1. Preface
In C#, with the support of the garbage collection mechanism, the destruction of objects is very different from the previous C++. This requires programmers to fully understand the .NET mechanism when designing types and clarify how to use the Dispose method and Finalize method to ensure that an object is destructed correctly and efficiently.
2. Functions of Dispose method
When we explain the usage of using, we have already introduced the Dispose method. It is precisely because the garbage collection mechanism covers the time when the object memory is actually recycled. Considering that in many cases, programmers want to do some cleaning work when the object is no longer in use, .NET provides the IDisposable interface and defines the Dispose method in it. Usually programmers will implement the release of some managed and unmanaged objects and the end of logical business in the Dispose method. Note that the implementation of the Dispose method cannot obtain any guarantees regarding release. The call of the Dispose method depends on the user of the type.

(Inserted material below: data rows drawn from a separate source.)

(* Let $A,B$ be finite-dimensional quantum systems. Let $\mathcal{E}_1$ be a doubly stochastic quantum operation on $AB$ (trace-preserving and unital, $\mathcal{E}_1(I)=I$), and let $\mathcal{E}_2$ be an arbitrary trace-preserving quantum operation on $AB$. Then $$R_r(\mathcal{E}_1\circ\mathcal{E}_2)\leq R_r(\mathcal{E}_1)+R_r(\mathcal{E}_2)+R_r(\mathcal{E}_1)R_r(\mathcal{E}_2).$$
   Context: A quantum operation (completely positive map) $\mathcal{E}$ on $AB$ is separable if it has an operator-sum representation $\mathcal{E}(\rho)=\sum_j(A_j\otimes B_j)\rho(A_j^\dagger\otimes B_j^\dagger)$. For trace-preserving quantum operations $\mathcal{E},\mathcal{F}$ on $AB$, $R(\mathcal{E}\|\mathcal{F})$ is the minimal $t\geq0$ such that $\mathcal{E}+t\mathcal{F}$ is separable, and the random robustness is $R_r(\mathcal{E})=R(\mathcal{E}\|\mathcal{D})$ with $\mathcal{D}(\rho)=\mathrm{tr}(\rho)\,I/(d_Ad_B)$, $d_A,d_B$ the dimensions of $A,B$. *)

theory Defs
  imports "HOL-Analysis.Analysis"
begin

text \<open>Operators on a finite-dimensional Hilbert space with orthonormal basis indexed
by the finite type 'n are complex matrices of type complex^'n^'n.
System A is indexed by 'a, system B by 'b, the composite AB by ('a \<times> 'b).\<close>

type_synonym 'n cmat = "complex^'n^'n"

definition cadj :: "('n::finite) cmat \<Rightarrow> 'n cmat" where
  "cadj M = (\<chi> i j. cnj (M $ j $ i))"

definition ktensor :: "('a::finite) cmat \<Rightarrow> ('b::finite) cmat \<Rightarrow> ('a \<times> 'b) cmat" where
  "ktensor X Y = (\<chi> p q. X $ fst p $ fst q * Y $ snd p $ snd q)"

text \<open>Quantum operation (completely positive map) given by a finite operator-sum
(Kraus) representation.\<close>
definition kraus_map :: "('n::finite) cmat list \<Rightarrow> 'n cmat \<Rightarrow> 'n cmat" where
  "kraus_map Ks \<rho> = (\<Sum>K\<leftarrow>Ks. K ** \<rho> ** cadj K)"

definition quantum_operation :: "(('n::finite) cmat \<Rightarrow> 'n cmat) \<Rightarrow> bool" where
  "quantum_operation E \<longleftrightarrow> (\<exists>Ks. E = kraus_map Ks)"

definition trace_preserving :: "(('n::finite) cmat \<Rightarrow> 'n cmat) \<Rightarrow> bool" where
  "trace_preserving E \<longleftrightarrow> (\<forall>\<rho>. trace (E \<rho>) = trace \<rho>)"

definition tp_operation :: "(('n::finite) cmat \<Rightarrow> 'n cmat) \<Rightarrow> bool" where
  "tp_operation E \<longleftrightarrow> quantum_operation E \<and> trace_preserving E"

definition doubly_stochastic :: "(('n::finite) cmat \<Rightarrow> 'n cmat) \<Rightarrow> bool" where
  "doubly_stochastic E \<longleftrightarrow> tp_operation E \<and> E (mat 1) = mat 1"

definition separable_op ::
  "((('a::finite) \<times> ('b::finite)) cmat \<Rightarrow> ('a \<times> 'b) cmat) \<Rightarrow> bool" where
  "separable_op E \<longleftrightarrow>
     (\<exists>ABs :: ('a cmat \<times> 'b cmat) list.
        \<forall>\<rho>. E \<rho> = (\<Sum>(X,Y)\<leftarrow>ABs. ktensor X Y ** \<rho> ** cadj (ktensor X Y)))"

definition rel_robustness ::
  "((('a::finite) \<times> ('b::finite)) cmat \<Rightarrow> ('a \<times> 'b) cmat) \<Rightarrow>
   (('a \<times> 'b) cmat \<Rightarrow> ('a \<times> 'b) cmat) \<Rightarrow> real" where
  "rel_robustness E F = Inf {t::real. t \<ge> 0 \<and> separable_op (\<lambda>\<rho>. E \<rho> + t *\<^sub>R F \<rho>)}"

definition depolarizing :: "(('a::finite) \<times> ('b::finite)) cmat \<Rightarrow> ('a \<times> 'b) cmat" where
  "depolarizing \<rho> = mat (trace \<rho> / of_nat (CARD('a) * CARD('b)))"

definition random_robustness ::
  "((('a::finite) \<times> ('b::finite)) cmat \<Rightarrow> ('a \<times> 'b) cmat) \<Rightarrow> real" where
  "random_robustness E = rel_robustness E (depolarizing :: ('a \<times> 'b) cmat \<Rightarrow> _)"

end

theory Submission
  imports Defs
begin

text \<open>Write D for the depolarizing operation. Since E1 is unital, E1 (D rho) = D rho; since E2 is
trace preserving, D (E2 rho) = D rho; and D (D rho) = D rho. Hence
  (E1 + s D) o (E2 + t D) = E1 o E2 + (s + t + s t) D,
and composition preserves separability, so s + t + s t is admissible for E1 o E2 whenever s and t
are admissible for E1 and E2. Passing to infima gives the bound. The infima range over nonempty
sets (Inf {} is junk) because every quantum operation has finite random robustness: expanding a
Kraus operator in matrix units, the diagonal terms of its sandwich are product operations, and
each cross term is, by a polarization identity, a separable operation minus sandwiches of matrix
units, each of which is dominated by a multiple of D.\<close>

definition cscale :: "complex \<Rightarrow> ('n::finite) cmat \<Rightarrow> 'n cmat" where
  "cscale c M = (\<chi> i j. c * M $ i $ j)"

definition matrix_unit :: "'n \<Rightarrow> 'n \<Rightarrow> ('n::finite) cmat" where
  "matrix_unit p q = (\<chi> i j. if i = p \<and> j = q then 1 else 0)"

definition sandwich :: "('n::finite) cmat \<Rightarrow> 'n cmat \<Rightarrow> 'n cmat" where
  "sandwich K \<rho> = K ** \<rho> ** cadj K"

lemma cscale_nth [simp]: "cscale c M $ i $ j = c * M $ i $ j"
  by (simp add: cscale_def)

lemma matrix_unit_nth [simp]: "matrix_unit p q $ i $ j = (if i = p \<and> j = q then 1 else 0)"
  by (simp add: matrix_unit_def)

lemma cadj_nth [simp]: "cadj M $ i $ j = cnj (M $ j $ i)"
  by (simp add: cadj_def)

lemma ktensor_nth [simp]: "ktensor X Y $ p $ q = X $ fst p $ fst q * Y $ snd p $ snd q"
  by (simp add: ktensor_def)

lemma matrix_matrix_mult_nth: "(A ** B) $ i $ j = (\<Sum>k\<in>UNIV. A $ i $ k * B $ k $ j)"
  by (simp add: matrix_matrix_mult_def)

lemma matrix_add_rdistrib: "((A::'a::semiring_1^'n^'m) + B) ** C = A ** C + B ** C"
  by (simp add: vec_eq_iff matrix_matrix_mult_nth algebra_simps sum.distrib)

lemma matrix_diff_ldistrib: "(A::'a::ring_1^'n^'m) ** (B - C) = A ** B - A ** C"
  by (simp add: vec_eq_iff matrix_matrix_mult_nth algebra_simps sum_subtractf)

lemma matrix_diff_rdistrib: "((A::'a::ring_1^'n^'m) - B) ** C = A ** C - B ** C"
  by (simp add: vec_eq_iff matrix_matrix_mult_nth algebra_simps sum_subtractf)

lemma matrix_sum_ldistrib: "(A::'a::semiring_1^'n^'m) ** sum B S = (\<Sum>x\<in>S. A ** B x)"
  by (simp add: vec_eq_iff matrix_matrix_mult_nth sum_distrib_left) (subst sum.swap, simp)

lemma matrix_sum_rdistrib: "sum A S ** (B::'a::semiring_1^'n^'m) = (\<Sum>x\<in>S. A x ** B)"
  by (simp add: vec_eq_iff matrix_matrix_mult_nth sum_distrib_right) (subst sum.swap, simp)

lemma cscale_mult_left: "cscale c A ** B = cscale c (A ** B)"
  by (simp add: vec_eq_iff matrix_matrix_mult_nth sum_distrib_left mult.assoc)

lemma cscale_mult_right: "A ** cscale c B = cscale c (A ** B)"
  by (simp add: vec_eq_iff matrix_matrix_mult_nth sum_distrib_left algebra_simps)

lemma cscale_add: "cscale c (A + B) = cscale c A + cscale c B"
  by (simp add: vec_eq_iff algebra_simps)

lemma scaleR_eq_cscale: "r *\<^sub>R (A::('n::finite) cmat) = cscale (of_real r) A"
  by (simp add: vec_eq_iff scaleR_conv_of_real[where 'a=complex])

lemma cadj_add: "cadj (A + B) = cadj A + cadj B"
  by (simp add: vec_eq_iff)

lemma cadj_diff: "cadj (A - B) = cadj A - cadj B"
  by (simp add: vec_eq_iff)

lemma cadj_sum: "cadj (sum A S) = (\<Sum>x\<in>S. cadj (A x))"
  by (simp add: vec_eq_iff)

lemma cadj_cscale: "cadj (cscale c A) = cscale (cnj c) (cadj A)"
  by (simp add: vec_eq_iff)

lemma cadj_mult: "cadj (A ** B) = cadj B ** cadj A"
  by (simp add: vec_eq_iff matrix_matrix_mult_nth mult.commute)

lemma cadj_matrix_unit: "cadj (matrix_unit p q) = matrix_unit q p"
  by (simp add: vec_eq_iff)

lemma ktensor_mult: "ktensor X Y ** ktensor X' Y' = ktensor (X ** X') (Y ** Y')"
proof -
  have "(\<Sum>k\<in>UNIV. X $ a $ fst k * Y $ b $ snd k * (X' $ fst k $ a' * Y' $ snd k $ b')) =
        (\<Sum>k\<in>UNIV. X $ a $ k * X' $ k $ a') * (\<Sum>k\<in>UNIV. Y $ b $ k * Y' $ k $ b')"
    for a b a' b'
    by (simp add: sum_product UNIV_Times_UNIV[symmetric] sum.cartesian_product algebra_simps
        case_prod_unfold del: UNIV_Times_UNIV)
  then show ?thesis
    by (simp add: vec_eq_iff matrix_matrix_mult_nth)
qed

lemma ktensor_cscale_left: "ktensor (cscale c X) Y = cscale c (ktensor X Y)"
  by (simp add: vec_eq_iff algebra_simps)

lemma ktensor_matrix_unit:
  "ktensor (matrix_unit a a') (matrix_unit b b') = matrix_unit (a, b) (a', b')"
  by (auto simp: vec_eq_iff)

lemma matrix_unit_decomposition:
  "K = (\<Sum>(p, q)\<in>UNIV. cscale (K $ p $ q) (matrix_unit p q))"
proof -
  have "(\<Sum>(p, q)\<in>UNIV. K $ p $ q * (if i = p \<and> j = q then 1 else 0)) = K $ i $ j" for i j
  proof -
    have "(\<Sum>(p, q)\<in>UNIV. K $ p $ q * (if i = p \<and> j = q then 1 else 0))
        = (\<Sum>x\<in>UNIV. if x = (i, j) then K $ i $ j else 0)"
      by (rule sum.cong) (auto simp: case_prod_unfold prod_eq_iff)
    then show ?thesis by simp
  qed
  then show ?thesis
    by (simp add: vec_eq_iff case_prod_unfold del: mult_zero_right mult_1_right)
qed

lemma matrix_unit_mult: "matrix_unit p q ** M = (\<chi> i j. if i = p then M $ q $ j else 0)"
  by (simp add: vec_eq_iff matrix_matrix_mult_nth if_distrib if_distribR sum.delta cong: if_cong)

When the type is used inappropriately, the Dispose method will not be called, but the existence of using and other syntax still helps the type's Dispose method be called.
3. The mechanism of Finalize method
Since the call of the Dispose method depends on the consumer, in order to make up for this defect, .NET also provides the Finalize method. Finalize method is often called a destructor by programmers with C++ development experience, but its execution method is completely different from the destructors in traditional C++. The Finalize method is called when GC performs garbage collection. The specific mechanism is as follows:
- When each instance object of type containing Finalize method is allocated, .NET adds a reference to a specific table structure and executes the instance object. For convenience, this table is called a "destructed object table".
- When GC executes and detects an object that is not used, it is necessary to further check the "destructed object table" to see if the object type has a Finalize method. If not, the object is treated as garbage. If there is a Finalize method, the reference to the object is moved from the "destructed object table" to another table, which is temporarily called "waiting for destructuring table". And the object instance is considered to be thrown in use.
- The CLR will have a separate thread responsible for handling the "waiting for destructuring tables", which is to call the Finalize method of each object through references in sequence, and then delete the reference. At this time, the object instances in the managed heap will be in a state that is no longer in use.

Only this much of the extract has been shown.